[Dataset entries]
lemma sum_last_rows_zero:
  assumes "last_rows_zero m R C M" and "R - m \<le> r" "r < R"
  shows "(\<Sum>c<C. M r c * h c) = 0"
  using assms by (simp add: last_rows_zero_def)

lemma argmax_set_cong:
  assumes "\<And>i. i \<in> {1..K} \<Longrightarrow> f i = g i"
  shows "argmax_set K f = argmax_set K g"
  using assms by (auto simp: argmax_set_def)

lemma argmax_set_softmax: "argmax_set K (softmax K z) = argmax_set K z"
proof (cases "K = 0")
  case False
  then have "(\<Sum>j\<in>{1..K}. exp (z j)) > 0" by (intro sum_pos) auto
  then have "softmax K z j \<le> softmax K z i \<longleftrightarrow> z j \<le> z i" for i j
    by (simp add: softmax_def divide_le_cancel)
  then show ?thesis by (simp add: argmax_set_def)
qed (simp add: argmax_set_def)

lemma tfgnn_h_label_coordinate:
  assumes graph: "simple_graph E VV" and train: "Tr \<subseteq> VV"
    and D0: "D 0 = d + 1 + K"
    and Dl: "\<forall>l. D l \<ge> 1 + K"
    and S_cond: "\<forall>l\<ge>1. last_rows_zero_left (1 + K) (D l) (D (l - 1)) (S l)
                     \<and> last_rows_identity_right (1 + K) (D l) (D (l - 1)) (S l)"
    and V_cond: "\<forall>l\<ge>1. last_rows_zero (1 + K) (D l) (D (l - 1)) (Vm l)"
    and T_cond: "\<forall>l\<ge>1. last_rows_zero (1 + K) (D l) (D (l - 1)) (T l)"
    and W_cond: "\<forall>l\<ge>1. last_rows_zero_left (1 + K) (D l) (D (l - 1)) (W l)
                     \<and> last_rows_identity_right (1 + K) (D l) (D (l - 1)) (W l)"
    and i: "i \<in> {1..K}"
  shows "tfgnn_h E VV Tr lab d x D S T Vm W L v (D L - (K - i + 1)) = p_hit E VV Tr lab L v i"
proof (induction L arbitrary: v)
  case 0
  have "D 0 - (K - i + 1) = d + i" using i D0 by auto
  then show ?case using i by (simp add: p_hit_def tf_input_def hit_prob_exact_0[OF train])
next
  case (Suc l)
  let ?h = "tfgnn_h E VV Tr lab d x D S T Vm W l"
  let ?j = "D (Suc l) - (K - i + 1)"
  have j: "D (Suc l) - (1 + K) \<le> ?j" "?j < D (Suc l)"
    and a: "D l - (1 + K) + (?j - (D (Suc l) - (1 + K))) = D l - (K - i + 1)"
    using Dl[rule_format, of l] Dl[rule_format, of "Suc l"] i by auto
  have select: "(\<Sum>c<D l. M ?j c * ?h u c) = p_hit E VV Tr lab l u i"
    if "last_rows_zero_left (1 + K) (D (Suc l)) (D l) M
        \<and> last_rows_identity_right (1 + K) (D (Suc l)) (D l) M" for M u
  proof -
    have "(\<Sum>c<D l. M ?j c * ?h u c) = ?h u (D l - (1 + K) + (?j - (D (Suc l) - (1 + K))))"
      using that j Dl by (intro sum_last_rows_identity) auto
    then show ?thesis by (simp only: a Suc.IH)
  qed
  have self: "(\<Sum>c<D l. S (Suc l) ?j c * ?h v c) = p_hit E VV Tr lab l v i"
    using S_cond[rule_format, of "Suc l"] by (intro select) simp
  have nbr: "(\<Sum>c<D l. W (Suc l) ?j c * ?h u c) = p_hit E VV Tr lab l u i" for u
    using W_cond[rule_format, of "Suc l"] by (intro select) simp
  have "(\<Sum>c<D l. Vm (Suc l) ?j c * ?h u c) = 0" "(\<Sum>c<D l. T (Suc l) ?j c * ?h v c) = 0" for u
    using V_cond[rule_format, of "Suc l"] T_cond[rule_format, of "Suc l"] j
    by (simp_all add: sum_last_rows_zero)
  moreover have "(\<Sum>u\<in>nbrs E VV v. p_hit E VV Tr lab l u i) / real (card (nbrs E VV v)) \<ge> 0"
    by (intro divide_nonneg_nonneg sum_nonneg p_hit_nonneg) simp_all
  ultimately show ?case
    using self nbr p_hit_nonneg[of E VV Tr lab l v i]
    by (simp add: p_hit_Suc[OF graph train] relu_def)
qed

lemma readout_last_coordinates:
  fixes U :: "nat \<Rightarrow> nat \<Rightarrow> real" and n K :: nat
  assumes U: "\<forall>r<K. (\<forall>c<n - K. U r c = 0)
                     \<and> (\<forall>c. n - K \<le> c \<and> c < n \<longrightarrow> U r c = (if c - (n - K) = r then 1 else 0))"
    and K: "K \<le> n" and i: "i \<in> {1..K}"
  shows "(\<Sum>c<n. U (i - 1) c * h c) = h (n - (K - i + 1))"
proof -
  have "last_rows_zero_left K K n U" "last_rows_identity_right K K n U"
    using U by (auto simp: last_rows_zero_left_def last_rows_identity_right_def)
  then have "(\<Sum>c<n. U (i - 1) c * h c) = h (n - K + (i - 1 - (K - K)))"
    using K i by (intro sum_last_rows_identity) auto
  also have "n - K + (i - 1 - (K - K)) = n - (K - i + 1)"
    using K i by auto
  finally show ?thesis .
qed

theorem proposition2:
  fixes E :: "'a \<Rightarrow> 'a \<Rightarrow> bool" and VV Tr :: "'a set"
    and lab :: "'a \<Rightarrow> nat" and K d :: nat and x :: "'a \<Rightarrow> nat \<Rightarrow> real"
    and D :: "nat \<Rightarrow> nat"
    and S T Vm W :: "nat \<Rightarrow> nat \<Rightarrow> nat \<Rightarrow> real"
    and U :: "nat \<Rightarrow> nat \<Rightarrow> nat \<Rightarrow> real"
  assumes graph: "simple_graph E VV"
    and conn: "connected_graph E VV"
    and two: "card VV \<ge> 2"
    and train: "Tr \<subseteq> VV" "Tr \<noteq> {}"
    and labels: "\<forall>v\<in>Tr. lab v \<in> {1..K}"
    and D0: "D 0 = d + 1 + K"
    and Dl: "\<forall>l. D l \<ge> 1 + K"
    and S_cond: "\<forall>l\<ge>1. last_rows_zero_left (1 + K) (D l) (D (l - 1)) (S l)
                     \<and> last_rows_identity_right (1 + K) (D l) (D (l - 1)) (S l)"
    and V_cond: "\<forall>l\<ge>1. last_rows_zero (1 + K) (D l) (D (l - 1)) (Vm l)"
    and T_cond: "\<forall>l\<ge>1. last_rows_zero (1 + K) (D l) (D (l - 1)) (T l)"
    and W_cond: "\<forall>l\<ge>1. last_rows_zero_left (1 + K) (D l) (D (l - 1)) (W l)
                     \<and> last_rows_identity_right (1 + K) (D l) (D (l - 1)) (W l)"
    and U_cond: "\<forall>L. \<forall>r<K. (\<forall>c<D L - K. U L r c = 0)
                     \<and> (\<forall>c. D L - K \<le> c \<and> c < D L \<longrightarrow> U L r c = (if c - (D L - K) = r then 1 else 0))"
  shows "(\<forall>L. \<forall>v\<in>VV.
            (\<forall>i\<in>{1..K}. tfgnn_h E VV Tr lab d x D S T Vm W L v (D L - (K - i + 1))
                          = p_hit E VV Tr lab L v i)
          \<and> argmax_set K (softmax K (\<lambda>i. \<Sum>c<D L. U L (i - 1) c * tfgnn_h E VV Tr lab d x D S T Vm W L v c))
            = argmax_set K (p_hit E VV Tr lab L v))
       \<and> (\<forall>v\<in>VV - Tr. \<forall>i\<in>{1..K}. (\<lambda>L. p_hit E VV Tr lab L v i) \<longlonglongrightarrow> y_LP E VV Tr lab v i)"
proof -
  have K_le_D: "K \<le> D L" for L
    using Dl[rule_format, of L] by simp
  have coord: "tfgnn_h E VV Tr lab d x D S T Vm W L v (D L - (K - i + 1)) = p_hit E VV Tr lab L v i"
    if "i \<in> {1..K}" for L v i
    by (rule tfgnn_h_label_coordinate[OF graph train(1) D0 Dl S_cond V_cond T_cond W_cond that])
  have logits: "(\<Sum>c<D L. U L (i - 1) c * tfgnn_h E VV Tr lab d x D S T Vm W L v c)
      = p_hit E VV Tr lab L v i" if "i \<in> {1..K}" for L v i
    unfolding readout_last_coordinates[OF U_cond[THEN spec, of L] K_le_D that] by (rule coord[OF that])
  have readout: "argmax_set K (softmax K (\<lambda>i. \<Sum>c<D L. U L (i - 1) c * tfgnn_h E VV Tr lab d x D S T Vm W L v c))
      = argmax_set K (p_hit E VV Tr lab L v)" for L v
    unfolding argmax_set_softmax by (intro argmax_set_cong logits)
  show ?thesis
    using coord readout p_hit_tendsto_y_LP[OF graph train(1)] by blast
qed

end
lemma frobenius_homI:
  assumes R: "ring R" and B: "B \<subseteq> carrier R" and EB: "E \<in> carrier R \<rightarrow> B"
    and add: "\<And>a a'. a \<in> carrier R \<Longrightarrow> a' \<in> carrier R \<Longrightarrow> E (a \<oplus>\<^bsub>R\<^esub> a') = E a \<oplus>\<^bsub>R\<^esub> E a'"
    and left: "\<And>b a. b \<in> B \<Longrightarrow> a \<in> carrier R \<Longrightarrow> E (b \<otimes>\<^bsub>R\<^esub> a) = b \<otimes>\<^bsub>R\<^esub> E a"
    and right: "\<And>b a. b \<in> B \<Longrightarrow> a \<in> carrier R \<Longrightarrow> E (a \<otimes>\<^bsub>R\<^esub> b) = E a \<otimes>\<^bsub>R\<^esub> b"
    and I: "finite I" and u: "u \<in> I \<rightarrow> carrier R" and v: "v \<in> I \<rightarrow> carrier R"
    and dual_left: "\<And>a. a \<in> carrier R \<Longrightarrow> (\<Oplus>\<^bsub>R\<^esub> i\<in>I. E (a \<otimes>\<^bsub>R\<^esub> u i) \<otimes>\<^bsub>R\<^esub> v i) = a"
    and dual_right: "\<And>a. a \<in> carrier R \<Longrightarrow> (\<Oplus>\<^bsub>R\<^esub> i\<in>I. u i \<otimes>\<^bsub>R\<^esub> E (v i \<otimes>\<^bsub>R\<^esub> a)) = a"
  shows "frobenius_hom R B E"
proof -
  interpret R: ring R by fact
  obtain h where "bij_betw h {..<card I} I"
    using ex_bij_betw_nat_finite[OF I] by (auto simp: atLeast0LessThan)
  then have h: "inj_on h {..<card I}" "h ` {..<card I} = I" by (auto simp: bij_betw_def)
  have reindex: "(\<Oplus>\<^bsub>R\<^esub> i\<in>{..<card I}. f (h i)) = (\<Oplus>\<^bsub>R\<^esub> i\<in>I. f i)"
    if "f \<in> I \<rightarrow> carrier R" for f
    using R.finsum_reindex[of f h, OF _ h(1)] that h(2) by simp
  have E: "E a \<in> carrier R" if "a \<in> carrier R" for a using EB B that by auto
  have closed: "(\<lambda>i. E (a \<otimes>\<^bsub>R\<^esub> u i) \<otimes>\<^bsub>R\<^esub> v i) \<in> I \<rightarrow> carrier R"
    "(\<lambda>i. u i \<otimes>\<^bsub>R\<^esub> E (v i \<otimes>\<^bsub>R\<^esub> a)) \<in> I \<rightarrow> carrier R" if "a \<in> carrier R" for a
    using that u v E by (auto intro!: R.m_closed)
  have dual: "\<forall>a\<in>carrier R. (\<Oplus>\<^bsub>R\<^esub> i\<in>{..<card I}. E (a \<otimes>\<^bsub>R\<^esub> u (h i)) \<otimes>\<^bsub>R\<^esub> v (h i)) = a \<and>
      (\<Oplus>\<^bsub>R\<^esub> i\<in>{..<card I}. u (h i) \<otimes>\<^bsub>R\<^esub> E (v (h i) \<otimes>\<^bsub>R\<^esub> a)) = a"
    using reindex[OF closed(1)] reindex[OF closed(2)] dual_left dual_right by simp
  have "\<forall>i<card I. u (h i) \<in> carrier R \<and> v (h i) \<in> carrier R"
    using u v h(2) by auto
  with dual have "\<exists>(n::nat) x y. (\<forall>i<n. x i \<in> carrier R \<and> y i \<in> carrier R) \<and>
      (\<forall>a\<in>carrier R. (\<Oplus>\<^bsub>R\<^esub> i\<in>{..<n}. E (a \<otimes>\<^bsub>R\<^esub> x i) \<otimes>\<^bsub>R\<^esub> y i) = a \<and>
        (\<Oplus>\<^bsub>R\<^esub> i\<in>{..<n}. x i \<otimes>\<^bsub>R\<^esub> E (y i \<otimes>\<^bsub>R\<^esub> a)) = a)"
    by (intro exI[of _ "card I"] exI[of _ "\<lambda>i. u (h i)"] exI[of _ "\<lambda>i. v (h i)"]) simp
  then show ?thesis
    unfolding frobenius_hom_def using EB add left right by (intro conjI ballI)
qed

◆ **Exercise description**
Calculate the number of lines above that include the word "logits", giving that number by itself.

◆ **Output for this exercise**
2